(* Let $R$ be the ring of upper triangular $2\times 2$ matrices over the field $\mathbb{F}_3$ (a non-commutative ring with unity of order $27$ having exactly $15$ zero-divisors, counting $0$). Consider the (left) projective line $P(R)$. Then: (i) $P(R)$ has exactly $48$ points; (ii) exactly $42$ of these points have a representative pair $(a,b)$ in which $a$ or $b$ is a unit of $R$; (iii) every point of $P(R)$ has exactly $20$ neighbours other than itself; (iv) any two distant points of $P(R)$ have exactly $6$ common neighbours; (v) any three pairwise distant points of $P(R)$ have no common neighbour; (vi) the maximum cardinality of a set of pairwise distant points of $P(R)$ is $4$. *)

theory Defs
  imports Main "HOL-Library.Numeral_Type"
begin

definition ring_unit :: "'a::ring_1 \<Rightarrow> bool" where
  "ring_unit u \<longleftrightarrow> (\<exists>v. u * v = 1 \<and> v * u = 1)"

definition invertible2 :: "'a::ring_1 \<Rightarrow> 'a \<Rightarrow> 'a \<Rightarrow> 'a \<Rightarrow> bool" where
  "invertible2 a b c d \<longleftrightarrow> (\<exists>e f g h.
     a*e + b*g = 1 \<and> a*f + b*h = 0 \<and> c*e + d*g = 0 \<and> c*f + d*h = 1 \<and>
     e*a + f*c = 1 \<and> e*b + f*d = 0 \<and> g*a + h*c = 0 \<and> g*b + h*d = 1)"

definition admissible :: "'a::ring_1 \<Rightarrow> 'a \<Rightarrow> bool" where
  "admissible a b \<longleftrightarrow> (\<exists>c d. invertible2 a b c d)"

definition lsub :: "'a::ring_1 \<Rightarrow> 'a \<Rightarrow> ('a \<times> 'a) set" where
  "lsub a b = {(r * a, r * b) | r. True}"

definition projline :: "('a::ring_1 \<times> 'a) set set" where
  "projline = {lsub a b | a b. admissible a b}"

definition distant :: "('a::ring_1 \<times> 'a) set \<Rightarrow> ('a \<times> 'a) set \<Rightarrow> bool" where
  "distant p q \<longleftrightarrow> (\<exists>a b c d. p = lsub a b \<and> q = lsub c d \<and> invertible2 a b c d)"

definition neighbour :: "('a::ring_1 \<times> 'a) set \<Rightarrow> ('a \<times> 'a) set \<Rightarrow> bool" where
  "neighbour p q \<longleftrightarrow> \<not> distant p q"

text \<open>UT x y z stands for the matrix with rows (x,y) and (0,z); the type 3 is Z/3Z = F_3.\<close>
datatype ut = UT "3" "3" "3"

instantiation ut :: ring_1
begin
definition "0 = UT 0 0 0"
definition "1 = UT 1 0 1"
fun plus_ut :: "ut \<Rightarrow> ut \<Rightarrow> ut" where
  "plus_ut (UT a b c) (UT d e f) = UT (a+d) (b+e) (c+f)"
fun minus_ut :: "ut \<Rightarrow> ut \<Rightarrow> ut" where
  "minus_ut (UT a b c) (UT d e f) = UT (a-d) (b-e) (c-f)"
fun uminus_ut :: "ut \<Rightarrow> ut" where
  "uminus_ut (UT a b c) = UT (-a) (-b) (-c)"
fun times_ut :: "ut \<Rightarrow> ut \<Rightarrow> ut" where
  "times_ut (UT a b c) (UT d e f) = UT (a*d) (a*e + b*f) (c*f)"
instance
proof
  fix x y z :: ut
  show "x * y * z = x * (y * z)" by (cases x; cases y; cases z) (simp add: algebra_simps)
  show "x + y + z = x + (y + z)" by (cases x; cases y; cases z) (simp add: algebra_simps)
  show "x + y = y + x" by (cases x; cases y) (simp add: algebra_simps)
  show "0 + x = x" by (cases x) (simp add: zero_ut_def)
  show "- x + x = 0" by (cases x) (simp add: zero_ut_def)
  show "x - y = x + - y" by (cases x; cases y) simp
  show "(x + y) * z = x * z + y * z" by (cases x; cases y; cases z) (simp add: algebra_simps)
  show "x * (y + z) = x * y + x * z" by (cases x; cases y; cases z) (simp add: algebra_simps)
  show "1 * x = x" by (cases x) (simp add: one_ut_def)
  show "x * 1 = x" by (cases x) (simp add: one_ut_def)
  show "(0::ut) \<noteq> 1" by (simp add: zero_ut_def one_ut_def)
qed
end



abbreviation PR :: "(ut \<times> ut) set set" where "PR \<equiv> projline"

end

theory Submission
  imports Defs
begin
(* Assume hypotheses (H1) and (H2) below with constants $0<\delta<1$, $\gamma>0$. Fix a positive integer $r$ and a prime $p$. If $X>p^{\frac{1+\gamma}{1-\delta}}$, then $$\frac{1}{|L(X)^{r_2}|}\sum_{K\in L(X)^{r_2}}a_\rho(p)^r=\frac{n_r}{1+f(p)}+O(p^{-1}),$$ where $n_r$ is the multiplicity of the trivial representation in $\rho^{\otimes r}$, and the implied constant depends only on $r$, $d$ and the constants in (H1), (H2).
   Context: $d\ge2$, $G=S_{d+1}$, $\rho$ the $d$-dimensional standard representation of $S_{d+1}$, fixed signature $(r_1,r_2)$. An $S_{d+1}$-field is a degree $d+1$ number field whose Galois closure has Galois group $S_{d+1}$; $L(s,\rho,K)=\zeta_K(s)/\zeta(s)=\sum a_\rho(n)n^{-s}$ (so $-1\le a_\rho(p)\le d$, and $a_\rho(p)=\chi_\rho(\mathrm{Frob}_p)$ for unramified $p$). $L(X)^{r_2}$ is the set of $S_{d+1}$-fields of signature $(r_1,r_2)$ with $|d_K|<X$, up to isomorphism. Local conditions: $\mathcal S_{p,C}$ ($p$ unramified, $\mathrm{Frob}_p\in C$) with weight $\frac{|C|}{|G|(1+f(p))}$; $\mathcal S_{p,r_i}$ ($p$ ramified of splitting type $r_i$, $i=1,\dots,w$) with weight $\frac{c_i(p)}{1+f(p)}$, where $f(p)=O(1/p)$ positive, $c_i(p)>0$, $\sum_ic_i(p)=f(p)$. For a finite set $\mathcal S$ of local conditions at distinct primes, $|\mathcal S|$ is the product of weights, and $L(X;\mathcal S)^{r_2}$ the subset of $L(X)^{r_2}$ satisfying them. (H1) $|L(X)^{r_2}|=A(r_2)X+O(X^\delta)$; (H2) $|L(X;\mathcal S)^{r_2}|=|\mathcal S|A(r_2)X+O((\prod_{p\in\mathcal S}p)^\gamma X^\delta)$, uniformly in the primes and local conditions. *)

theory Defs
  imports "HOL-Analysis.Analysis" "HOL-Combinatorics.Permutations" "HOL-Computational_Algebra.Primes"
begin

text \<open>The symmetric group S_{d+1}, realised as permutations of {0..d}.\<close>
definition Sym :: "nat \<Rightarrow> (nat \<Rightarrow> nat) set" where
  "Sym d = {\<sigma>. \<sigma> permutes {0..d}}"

# # # # # # #

Directions for this task: Give the entries again, every one of them exactly.

Response:
(* Let $R$ be the ring of upper triangular $2\times 2$ matrices over the field $\mathbb{F}_3$ (a non-commutative ring with unity of order $27$ having exactly $15$ zero-divisors, counting $0$). Consider the (left) projective line $P(R)$. Then: (i) $P(R)$ has exactly $48$ points; (ii) exactly $42$ of these points have a representative pair $(a,b)$ in which $a$ or $b$ is a unit of $R$; (iii) every point of $P(R)$ has exactly $20$ neighbours other than itself; (iv) any two distant points of $P(R)$ have exactly $6$ common neighbours; (v) any three pairwise distant points of $P(R)$ have no common neighbour; (vi) the maximum cardinality of a set of pairwise distant points of $P(R)$ is $4$. *)

theory Defs
  imports Main "HOL-Library.Numeral_Type"
begin

definition ring_unit :: "'a::ring_1 \<Rightarrow> bool" where
  "ring_unit u \<longleftrightarrow> (\<exists>v. u * v = 1 \<and> v * u = 1)"

definition invertible2 :: "'a::ring_1 \<Rightarrow> 'a \<Rightarrow> 'a \<Rightarrow> 'a \<Rightarrow> bool" where
  "invertible2 a b c d \<longleftrightarrow> (\<exists>e f g h.
     a*e + b*g = 1 \<and> a*f + b*h = 0 \<and> c*e + d*g = 0 \<and> c*f + d*h = 1 \<and>
     e*a + f*c = 1 \<and> e*b + f*d = 0 \<and> g*a + h*c = 0 \<and> g*b + h*d = 1)"

definition admissible :: "'a::ring_1 \<Rightarrow> 'a \<Rightarrow> bool" where
  "admissible a b \<longleftrightarrow> (\<exists>c d. invertible2 a b c d)"

definition lsub :: "'a::ring_1 \<Rightarrow> 'a \<Rightarrow> ('a \<times> 'a) set" where
  "lsub a b = {(r * a, r * b) | r. True}"

definition projline :: "('a::ring_1 \<times> 'a) set set" where
  "projline = {lsub a b | a b. admissible a b}"

definition distant :: "('a::ring_1 \<times> 'a) set \<Rightarrow> ('a \<times> 'a) set \<Rightarrow> bool" where
  "distant p q \<longleftrightarrow> (\<exists>a b c d. p = lsub a b \<and> q = lsub c d \<and> invertible2 a b c d)"

definition neighbour :: "('a::ring_1 \<times> 'a) set \<Rightarrow> ('a \<times> 'a) set \<Rightarrow> bool" where
  "neighbour p q \<longleftrightarrow> \<not> distant p q"

text \<open>UT x y z stands for the matrix with rows (x,y) and (0,z); the type 3 is Z/3Z = F_3.\<close>
datatype ut = UT "3" "3" "3"

instantiation ut :: ring_1
begin
definition "0 = UT 0 0 0"
definition "1 = UT 1 0 1"
fun plus_ut :: "ut \<Rightarrow> ut \<Rightarrow> ut" where
  "plus_ut (UT a b c) (UT d e f) = UT (a+d) (b+e) (c+f)"
fun minus_ut :: "ut \<Rightarrow> ut \<Rightarrow> ut" where
  "minus_ut (UT a b c) (UT d e f) = UT (a-d) (b-e) (c-f)"
fun uminus_ut :: "ut \<Rightarrow> ut" where
  "uminus_ut (UT a b c) = UT (-a) (-b) (-c)"
fun times_ut :: "ut \<Rightarrow> ut \<Rightarrow> ut" where
  "times_ut (UT a b c) (UT d e f) = UT (a*d) (a*e + b*f) (c*f)"
instance
proof
  fix x y z :: ut
  show "x * y * z = x * (y * z)" by (cases x; cases y; cases z) (simp add: algebra_simps)
  show "x + y + z = x + (y + z)" by (cases x; cases y; cases z) (simp add: algebra_simps)
  show "x + y = y + x" by (cases x; cases y) (simp add: algebra_simps)
  show "0 + x = x" by (cases x) (simp add: zero_ut_def)
  show "- x + x = 0" by (cases x) (simp add: zero_ut_def)
  show "x - y = x + - y" by (cases x; cases y) simp
  show "(x + y) * z = x * z + y * z" by (cases x; cases y; cases z) (simp add: algebra_simps)
  show "x * (y + z) = x * y + x * z" by (cases x; cases y; cases z) (simp add: algebra_simps)
  show "1 * x = x" by (cases x) (simp add: one_ut_def)
  show "x * 1 = x" by (cases x) (simp add: one_ut_def)
  show "(0::ut) \<noteq> 1" by (simp add: zero_ut_def one_ut_def)
qed
end



abbreviation PR :: "(ut \<times> ut) set set" where "PR \<equiv> projline"

end

theory Submission
  imports Defs
begin
(* Assume hypotheses (H1) and (H2) below with constants $0<\delta<1$, $\gamma>0$. Fix a positive integer $r$ and a prime $p$. If $X>p^{\frac{1+\gamma}{1-\delta}}$, then $$\frac{1}{|L(X)^{r_2}|}\sum_{K\in L(X)^{r_2}}a_\rho(p)^r=\frac{n_r}{1+f(p)}+O(p^{-1}),$$ where $n_r$ is the multiplicity of the trivial representation in $\rho^{\otimes r}$, and the implied constant depends only on $r$, $d$ and the constants in (H1), (H2).
   Context: $d\ge2$, $G=S_{d+1}$, $\rho$ the $d$-dimensional standard representation of $S_{d+1}$, fixed signature $(r_1,r_2)$. An $S_{d+1}$-field is a degree $d+1$ number field whose Galois closure has Galois group $S_{d+1}$; $L(s,\rho,K)=\zeta_K(s)/\zeta(s)=\sum a_\rho(n)n^{-s}$ (so $-1\le a_\rho(p)\le d$, and $a_\rho(p)=\chi_\rho(\mathrm{Frob}_p)$ for unramified $p$). $L(X)^{r_2}$ is the set of $S_{d+1}$-fields of signature $(r_1,r_2)$ with $|d_K|<X$, up to isomorphism. Local conditions: $\mathcal S_{p,C}$ ($p$ unramified, $\mathrm{Frob}_p\in C$) with weight $\frac{|C|}{|G|(1+f(p))}$; $\mathcal S_{p,r_i}$ ($p$ ramified of splitting type $r_i$, $i=1,\dots,w$) with weight $\frac{c_i(p)}{1+f(p)}$, where $f(p)=O(1/p)$ positive, $c_i(p)>0$, $\sum_ic_i(p)=f(p)$. For a finite set $\mathcal S$ of local conditions at distinct primes, $|\mathcal S|$ is the product of weights, and $L(X;\mathcal S)^{r_2}$ the subset of $L(X)^{r_2}$ satisfying them. (H1) $|L(X)^{r_2}|=A(r_2)X+O(X^\delta)$; (H2) $|L(X;\mathcal S)^{r_2}|=|\mathcal S|A(r_2)X+O((\prod_{p\in\mathcal S}p)^\gamma X^\delta)$, uniformly in the primes and local conditions. *)

theory Defs
  imports "HOL-Analysis.Analysis" "HOL-Combinatorics.Permutations" "HOL-Computational_Algebra.Primes"
begin

text \<open>The symmetric group S_{d+1}, realised as permutations of {0..d}.\<close>
definition Sym :: "nat \<Rightarrow> (nat \<Rightarrow> nat) set" where
  "Sym d = {\<sigma>. \<sigma> permutes {0..d}}"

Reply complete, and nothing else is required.